§ What is expected:
From the records below, copy out exactly the lines from the one containing "us. \<forall>s. \<delta>" to the one containing "B s \<inter>", both included. Add nothing else.

[Collected data entries]
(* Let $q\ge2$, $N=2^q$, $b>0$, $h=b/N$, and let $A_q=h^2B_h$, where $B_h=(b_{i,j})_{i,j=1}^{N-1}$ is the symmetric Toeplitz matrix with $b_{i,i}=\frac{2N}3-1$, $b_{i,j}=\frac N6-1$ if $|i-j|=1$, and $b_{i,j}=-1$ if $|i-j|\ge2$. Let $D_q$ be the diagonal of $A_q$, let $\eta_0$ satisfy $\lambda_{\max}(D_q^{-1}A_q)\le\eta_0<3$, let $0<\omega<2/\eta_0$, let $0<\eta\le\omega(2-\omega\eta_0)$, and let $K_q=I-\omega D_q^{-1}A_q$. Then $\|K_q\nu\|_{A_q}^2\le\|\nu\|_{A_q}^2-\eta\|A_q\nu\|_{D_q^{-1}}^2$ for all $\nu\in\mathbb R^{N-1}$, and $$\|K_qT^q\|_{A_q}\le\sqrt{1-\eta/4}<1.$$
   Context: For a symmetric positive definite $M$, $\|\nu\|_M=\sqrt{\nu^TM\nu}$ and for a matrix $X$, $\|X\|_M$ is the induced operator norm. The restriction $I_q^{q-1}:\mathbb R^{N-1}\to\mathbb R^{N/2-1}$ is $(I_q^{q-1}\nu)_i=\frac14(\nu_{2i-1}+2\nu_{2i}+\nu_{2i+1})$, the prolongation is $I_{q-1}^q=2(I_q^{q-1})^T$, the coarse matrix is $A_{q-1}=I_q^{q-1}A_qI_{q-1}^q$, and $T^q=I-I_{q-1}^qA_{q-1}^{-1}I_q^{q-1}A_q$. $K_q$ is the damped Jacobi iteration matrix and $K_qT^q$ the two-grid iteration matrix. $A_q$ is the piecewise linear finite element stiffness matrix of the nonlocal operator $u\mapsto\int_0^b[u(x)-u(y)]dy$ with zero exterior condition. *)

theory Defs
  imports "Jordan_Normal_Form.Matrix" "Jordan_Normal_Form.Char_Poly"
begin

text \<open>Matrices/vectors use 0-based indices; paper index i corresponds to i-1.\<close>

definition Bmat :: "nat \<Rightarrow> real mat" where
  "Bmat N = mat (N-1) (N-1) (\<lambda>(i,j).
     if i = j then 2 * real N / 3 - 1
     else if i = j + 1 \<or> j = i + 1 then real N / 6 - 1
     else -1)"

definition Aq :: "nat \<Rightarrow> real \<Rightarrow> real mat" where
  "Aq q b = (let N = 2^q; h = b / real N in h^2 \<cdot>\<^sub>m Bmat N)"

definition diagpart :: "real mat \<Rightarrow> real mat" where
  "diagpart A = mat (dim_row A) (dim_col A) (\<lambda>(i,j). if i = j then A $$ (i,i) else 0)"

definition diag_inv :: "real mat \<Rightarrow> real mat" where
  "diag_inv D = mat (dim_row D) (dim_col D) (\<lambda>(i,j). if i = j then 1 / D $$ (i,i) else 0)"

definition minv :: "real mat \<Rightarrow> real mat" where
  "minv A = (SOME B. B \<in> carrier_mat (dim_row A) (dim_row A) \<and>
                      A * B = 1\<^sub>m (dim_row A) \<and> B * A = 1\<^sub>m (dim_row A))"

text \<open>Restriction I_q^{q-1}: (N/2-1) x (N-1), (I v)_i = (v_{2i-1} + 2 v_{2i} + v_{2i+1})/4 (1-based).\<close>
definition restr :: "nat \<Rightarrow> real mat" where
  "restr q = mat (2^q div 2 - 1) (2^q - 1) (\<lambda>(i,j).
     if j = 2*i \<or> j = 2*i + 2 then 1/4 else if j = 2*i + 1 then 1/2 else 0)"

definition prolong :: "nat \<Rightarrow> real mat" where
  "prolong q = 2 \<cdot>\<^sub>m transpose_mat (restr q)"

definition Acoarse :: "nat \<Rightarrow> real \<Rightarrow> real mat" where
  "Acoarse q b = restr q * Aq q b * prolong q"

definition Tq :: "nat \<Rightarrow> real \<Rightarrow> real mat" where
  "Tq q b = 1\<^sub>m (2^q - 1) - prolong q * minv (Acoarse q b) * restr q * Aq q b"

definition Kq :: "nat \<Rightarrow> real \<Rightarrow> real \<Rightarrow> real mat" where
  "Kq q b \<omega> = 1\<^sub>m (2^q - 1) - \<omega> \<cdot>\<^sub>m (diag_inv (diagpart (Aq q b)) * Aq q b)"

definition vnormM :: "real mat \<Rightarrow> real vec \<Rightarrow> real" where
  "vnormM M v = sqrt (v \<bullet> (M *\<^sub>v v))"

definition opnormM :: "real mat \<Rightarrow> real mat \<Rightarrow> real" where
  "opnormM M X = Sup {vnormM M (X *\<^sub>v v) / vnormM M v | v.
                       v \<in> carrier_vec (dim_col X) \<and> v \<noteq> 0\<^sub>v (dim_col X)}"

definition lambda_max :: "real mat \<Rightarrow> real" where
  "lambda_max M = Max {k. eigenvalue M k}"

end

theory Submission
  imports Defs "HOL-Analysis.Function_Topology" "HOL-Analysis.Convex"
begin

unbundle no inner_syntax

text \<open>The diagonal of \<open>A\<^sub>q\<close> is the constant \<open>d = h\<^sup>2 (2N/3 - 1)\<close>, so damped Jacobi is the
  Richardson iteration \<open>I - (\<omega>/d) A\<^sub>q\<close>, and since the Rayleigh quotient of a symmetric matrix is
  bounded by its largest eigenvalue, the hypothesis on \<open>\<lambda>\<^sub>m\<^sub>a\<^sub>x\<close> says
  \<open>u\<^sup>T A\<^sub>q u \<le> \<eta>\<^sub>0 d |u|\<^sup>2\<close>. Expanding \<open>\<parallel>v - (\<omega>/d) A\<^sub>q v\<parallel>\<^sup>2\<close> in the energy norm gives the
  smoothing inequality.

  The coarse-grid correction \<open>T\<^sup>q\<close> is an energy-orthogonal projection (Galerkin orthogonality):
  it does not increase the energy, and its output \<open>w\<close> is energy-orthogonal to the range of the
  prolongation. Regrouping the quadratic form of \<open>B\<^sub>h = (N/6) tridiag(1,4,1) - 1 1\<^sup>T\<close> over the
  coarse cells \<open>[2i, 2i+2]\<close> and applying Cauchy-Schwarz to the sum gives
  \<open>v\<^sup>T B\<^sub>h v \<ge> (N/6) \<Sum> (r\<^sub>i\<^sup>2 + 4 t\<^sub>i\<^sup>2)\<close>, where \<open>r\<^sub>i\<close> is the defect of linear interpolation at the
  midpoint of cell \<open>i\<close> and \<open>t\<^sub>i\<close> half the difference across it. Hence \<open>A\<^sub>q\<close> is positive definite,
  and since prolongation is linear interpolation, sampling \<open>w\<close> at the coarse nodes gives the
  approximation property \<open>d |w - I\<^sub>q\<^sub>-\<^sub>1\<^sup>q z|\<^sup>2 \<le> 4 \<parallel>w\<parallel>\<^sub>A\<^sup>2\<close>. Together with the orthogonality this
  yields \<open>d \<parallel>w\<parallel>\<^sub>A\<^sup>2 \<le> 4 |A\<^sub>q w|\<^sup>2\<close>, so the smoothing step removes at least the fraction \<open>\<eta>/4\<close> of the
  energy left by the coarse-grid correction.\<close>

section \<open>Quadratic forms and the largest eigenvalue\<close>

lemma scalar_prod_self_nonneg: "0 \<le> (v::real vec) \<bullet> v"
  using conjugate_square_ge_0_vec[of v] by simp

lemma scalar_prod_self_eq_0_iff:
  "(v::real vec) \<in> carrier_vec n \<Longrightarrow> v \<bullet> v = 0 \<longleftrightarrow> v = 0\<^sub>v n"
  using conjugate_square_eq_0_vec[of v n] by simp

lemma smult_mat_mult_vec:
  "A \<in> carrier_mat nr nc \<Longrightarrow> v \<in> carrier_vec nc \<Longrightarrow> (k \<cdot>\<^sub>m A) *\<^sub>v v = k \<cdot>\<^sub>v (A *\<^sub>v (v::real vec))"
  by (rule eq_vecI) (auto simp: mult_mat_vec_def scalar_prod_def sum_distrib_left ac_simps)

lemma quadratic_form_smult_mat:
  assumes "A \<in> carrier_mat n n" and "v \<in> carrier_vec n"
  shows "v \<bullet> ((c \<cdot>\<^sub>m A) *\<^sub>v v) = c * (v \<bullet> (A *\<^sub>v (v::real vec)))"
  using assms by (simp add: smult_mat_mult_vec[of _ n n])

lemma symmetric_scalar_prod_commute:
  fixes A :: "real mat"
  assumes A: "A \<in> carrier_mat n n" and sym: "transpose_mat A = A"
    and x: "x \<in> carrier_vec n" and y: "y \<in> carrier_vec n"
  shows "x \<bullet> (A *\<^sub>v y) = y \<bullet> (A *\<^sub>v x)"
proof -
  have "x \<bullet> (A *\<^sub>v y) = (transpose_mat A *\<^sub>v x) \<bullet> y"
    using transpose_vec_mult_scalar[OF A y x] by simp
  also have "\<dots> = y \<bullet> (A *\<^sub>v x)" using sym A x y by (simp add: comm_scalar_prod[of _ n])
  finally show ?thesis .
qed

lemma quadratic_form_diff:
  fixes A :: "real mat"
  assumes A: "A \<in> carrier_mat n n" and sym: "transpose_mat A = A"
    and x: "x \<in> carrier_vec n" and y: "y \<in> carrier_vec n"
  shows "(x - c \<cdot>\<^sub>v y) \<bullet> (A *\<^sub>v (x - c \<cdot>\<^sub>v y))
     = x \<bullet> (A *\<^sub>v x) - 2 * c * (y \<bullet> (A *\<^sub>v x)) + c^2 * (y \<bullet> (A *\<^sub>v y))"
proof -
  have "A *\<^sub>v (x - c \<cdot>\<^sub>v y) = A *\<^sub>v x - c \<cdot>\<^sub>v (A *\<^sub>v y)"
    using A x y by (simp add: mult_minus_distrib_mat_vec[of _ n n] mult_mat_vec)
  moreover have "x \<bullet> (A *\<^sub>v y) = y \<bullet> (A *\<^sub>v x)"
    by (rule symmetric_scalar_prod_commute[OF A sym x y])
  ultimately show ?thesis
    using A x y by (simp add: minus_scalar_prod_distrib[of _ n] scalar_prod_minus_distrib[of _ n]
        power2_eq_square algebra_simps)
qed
---
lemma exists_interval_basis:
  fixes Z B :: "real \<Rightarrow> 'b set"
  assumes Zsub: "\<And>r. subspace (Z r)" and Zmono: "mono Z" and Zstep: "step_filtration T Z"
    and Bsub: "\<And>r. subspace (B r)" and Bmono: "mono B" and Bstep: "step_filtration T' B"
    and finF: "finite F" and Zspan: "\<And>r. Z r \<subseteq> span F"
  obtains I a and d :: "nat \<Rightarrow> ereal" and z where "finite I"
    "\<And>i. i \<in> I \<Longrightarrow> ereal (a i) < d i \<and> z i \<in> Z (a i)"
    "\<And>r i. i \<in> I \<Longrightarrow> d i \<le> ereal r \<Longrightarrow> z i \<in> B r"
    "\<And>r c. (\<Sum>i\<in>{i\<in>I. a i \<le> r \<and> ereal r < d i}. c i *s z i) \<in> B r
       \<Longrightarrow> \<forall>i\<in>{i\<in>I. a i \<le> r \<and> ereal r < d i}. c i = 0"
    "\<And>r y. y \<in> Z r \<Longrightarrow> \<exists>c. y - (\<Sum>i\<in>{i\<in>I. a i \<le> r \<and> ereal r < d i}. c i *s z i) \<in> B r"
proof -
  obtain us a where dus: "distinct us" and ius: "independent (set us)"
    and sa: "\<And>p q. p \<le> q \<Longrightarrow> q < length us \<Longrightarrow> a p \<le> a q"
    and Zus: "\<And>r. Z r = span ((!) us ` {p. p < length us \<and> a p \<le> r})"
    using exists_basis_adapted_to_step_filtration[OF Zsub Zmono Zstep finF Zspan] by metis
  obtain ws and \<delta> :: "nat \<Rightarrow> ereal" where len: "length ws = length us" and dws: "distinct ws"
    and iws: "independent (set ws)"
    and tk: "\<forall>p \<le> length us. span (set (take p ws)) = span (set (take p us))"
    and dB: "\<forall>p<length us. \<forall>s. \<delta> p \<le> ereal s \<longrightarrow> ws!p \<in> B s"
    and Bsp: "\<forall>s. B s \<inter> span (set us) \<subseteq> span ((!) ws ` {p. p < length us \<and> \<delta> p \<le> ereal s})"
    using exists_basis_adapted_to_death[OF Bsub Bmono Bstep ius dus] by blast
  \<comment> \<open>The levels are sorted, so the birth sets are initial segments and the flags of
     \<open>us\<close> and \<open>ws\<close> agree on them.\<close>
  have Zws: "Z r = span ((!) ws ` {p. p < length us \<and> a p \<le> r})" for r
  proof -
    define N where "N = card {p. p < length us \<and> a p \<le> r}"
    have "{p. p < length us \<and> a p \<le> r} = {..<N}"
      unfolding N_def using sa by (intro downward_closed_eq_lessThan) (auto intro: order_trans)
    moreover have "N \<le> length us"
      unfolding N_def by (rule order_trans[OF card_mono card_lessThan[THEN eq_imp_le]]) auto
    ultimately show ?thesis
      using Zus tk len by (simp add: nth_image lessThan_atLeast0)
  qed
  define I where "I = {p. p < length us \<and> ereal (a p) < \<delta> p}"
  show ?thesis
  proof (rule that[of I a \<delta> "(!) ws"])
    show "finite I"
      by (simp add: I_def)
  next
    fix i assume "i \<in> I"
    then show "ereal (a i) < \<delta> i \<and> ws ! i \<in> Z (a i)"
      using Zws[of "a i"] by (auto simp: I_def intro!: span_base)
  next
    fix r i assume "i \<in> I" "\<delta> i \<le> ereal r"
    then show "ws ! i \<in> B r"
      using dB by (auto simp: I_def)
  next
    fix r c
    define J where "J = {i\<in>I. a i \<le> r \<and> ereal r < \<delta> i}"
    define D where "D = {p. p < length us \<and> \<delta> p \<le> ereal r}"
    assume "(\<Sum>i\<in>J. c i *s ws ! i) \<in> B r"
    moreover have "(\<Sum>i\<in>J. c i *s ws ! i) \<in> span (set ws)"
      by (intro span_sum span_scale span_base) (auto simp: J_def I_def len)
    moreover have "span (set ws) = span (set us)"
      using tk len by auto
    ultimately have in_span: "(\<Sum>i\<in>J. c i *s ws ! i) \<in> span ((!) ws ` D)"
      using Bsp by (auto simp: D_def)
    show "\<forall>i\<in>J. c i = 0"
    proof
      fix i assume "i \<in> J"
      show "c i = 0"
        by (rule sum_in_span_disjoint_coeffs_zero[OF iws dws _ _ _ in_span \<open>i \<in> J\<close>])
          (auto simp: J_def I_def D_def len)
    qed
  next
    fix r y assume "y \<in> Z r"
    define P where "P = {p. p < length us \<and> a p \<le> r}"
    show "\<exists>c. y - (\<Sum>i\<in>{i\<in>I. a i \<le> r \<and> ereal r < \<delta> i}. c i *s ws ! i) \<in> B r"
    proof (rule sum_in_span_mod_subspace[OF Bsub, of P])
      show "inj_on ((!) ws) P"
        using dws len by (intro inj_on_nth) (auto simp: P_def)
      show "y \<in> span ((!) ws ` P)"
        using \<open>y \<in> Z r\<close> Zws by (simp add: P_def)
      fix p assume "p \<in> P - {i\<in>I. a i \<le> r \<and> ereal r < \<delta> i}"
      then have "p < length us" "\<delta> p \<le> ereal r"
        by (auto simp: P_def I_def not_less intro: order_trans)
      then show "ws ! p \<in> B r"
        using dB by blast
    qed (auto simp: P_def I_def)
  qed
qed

§ Output for this exercise:
    and dB: "\<forall>p<length us. \<forall>s. \<delta> p \<le> ereal s \<longrightarrow> ws!p \<in> B s"
    and Bsp: "\<forall>s. B s \<inter> span (set us) \<subseteq> span ((!) ws ` {p. p < length us \<and> \<delta> p \<le> ereal s})"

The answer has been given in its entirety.